───── PROVIDED MATERIAL

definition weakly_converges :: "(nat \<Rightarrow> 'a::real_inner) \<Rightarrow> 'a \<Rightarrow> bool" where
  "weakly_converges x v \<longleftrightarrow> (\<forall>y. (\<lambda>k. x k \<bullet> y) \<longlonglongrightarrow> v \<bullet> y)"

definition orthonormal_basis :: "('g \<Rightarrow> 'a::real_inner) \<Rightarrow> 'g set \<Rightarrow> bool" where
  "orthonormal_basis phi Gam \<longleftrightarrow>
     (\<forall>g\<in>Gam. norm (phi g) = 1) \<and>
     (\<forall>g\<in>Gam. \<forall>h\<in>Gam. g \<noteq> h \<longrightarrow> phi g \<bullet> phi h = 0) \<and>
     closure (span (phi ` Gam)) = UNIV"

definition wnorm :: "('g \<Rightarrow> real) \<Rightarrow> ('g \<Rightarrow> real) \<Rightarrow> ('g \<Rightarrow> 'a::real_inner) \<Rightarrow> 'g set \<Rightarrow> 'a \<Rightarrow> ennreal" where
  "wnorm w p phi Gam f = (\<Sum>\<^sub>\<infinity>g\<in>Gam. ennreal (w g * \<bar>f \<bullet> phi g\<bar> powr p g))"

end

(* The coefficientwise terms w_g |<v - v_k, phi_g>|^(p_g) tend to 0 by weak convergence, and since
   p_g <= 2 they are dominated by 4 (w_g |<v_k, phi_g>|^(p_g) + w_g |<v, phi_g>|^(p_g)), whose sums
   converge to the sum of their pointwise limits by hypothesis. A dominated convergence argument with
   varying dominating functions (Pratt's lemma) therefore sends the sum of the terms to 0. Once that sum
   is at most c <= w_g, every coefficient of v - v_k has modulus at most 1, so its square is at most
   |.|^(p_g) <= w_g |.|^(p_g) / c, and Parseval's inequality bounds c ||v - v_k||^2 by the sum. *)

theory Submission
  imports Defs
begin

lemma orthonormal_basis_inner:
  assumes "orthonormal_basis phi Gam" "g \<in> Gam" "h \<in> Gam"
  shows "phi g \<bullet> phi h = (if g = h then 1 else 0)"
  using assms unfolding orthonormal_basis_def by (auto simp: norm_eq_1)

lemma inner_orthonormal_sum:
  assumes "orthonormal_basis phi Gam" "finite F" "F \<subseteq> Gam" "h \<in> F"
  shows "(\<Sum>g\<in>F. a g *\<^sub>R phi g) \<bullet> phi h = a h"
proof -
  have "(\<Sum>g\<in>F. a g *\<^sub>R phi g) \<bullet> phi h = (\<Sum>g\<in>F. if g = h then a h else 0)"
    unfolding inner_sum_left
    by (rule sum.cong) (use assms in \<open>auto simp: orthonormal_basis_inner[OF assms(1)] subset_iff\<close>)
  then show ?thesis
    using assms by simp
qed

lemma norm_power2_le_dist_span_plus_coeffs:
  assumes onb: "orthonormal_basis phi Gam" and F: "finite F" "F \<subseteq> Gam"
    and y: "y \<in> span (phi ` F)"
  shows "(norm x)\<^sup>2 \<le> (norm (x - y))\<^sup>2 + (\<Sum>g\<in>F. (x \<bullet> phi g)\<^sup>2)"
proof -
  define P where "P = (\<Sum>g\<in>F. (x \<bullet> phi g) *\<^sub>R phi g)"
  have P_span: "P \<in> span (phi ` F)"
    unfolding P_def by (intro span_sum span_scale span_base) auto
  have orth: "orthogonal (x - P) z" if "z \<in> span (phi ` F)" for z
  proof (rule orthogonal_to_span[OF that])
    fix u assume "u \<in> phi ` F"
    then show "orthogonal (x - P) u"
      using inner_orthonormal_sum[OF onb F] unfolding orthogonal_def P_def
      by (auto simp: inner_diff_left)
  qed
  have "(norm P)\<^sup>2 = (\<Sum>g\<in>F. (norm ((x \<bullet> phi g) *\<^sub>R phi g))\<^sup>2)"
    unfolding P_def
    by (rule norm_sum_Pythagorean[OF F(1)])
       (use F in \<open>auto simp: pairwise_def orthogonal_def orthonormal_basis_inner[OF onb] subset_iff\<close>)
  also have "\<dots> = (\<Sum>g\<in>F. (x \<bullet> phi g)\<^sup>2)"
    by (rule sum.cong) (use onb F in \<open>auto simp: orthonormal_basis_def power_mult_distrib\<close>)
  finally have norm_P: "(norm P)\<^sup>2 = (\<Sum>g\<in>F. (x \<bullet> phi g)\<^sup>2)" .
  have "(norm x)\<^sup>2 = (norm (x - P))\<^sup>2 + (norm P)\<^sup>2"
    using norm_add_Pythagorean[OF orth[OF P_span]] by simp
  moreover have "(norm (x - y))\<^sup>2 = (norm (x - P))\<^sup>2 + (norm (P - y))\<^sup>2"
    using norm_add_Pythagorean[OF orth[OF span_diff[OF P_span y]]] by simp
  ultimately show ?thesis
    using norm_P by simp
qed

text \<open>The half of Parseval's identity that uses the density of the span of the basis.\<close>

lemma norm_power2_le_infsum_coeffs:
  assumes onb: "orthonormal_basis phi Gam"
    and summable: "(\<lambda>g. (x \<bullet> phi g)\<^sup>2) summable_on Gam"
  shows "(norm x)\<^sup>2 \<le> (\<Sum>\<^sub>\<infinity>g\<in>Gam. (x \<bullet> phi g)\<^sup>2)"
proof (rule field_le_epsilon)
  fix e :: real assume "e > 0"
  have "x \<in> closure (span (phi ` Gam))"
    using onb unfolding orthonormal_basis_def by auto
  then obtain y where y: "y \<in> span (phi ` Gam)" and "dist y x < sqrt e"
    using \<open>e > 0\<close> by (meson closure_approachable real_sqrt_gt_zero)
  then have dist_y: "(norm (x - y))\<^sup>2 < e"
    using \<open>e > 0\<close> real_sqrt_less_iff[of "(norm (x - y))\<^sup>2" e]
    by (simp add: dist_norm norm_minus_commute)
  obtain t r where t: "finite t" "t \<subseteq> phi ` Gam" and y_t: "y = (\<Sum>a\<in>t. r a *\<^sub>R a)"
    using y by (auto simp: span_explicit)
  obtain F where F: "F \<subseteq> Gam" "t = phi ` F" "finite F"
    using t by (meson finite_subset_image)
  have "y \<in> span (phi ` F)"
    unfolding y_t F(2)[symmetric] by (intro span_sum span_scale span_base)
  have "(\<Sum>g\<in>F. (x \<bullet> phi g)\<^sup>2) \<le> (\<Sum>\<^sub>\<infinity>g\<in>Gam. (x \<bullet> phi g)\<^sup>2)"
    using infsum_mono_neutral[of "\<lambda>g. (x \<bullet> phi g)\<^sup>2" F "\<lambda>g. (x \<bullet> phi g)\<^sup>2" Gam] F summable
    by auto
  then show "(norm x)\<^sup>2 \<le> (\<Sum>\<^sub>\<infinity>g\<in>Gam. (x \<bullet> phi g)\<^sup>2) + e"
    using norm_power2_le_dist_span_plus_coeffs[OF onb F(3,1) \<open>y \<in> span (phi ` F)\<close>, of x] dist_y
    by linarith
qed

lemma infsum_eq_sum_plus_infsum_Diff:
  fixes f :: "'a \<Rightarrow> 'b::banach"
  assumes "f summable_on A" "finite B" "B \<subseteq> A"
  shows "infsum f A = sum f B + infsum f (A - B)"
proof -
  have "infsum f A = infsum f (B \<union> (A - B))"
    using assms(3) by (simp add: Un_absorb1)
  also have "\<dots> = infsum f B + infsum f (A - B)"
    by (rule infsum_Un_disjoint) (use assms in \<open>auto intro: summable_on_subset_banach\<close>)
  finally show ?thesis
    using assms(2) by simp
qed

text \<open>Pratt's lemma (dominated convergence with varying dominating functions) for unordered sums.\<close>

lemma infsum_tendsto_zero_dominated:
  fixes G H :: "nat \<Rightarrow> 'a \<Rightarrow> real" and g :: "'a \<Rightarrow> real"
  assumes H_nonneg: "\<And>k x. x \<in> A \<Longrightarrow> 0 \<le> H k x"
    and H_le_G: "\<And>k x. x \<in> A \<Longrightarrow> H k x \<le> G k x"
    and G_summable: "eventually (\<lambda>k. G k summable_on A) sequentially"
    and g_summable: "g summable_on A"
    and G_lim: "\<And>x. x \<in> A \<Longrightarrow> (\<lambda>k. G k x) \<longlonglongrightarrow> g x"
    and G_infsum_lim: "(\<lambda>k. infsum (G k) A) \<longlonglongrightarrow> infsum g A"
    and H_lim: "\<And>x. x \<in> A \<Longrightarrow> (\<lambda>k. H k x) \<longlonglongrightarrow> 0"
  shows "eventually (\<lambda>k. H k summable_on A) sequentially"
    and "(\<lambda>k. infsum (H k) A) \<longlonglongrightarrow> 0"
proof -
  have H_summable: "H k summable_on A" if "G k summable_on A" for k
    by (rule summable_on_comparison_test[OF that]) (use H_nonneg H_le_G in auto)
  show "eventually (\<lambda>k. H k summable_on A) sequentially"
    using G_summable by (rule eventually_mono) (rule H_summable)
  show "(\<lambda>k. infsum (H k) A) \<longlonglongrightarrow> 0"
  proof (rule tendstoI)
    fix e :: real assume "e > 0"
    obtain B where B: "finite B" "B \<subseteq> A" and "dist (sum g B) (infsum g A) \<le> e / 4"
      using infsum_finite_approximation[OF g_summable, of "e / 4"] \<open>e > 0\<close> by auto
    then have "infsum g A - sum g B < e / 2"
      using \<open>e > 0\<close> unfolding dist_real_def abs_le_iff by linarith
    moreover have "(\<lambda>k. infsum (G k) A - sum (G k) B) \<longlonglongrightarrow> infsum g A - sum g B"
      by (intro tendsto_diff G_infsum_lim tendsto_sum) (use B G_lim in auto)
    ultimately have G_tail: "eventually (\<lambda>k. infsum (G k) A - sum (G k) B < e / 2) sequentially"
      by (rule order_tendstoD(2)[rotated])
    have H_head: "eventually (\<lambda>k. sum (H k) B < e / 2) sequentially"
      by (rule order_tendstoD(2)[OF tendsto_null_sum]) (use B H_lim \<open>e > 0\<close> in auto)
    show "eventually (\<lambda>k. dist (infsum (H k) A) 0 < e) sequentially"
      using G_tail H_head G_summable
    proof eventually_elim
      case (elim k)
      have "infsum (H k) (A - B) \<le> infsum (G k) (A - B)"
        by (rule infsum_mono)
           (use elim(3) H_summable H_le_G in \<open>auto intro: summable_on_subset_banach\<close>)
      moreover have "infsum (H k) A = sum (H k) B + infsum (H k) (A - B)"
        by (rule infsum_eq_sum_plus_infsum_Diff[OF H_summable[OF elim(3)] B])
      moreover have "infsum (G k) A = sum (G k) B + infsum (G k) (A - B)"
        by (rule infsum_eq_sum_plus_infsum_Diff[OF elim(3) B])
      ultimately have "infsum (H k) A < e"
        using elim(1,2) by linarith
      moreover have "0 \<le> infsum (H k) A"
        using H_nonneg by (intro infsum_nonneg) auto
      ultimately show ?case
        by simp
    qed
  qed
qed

──────────
───── PROVIDED MATERIAL

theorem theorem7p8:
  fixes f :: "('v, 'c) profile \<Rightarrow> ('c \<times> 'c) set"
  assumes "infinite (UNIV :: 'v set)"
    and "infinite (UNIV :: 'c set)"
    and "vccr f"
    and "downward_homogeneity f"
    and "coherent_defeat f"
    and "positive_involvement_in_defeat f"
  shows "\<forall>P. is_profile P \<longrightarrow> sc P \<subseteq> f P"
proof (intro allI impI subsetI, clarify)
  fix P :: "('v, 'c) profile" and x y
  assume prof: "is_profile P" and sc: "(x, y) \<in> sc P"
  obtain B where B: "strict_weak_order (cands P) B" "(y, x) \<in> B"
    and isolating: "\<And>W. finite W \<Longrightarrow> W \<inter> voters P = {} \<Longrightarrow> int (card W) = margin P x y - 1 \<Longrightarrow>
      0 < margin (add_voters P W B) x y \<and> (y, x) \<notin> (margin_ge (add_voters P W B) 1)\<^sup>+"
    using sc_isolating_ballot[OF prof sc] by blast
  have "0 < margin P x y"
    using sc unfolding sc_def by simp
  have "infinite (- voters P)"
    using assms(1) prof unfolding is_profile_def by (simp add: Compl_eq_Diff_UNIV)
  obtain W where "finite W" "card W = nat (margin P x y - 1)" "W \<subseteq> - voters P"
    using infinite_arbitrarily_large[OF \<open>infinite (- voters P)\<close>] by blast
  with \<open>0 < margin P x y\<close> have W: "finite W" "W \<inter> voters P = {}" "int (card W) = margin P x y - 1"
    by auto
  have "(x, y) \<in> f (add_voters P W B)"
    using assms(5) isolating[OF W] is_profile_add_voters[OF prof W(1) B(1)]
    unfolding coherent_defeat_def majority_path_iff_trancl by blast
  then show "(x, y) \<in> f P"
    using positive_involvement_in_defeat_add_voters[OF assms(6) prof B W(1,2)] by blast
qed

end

──────────

Reply with the count alone: how many lines of the records contain the string "then"?

9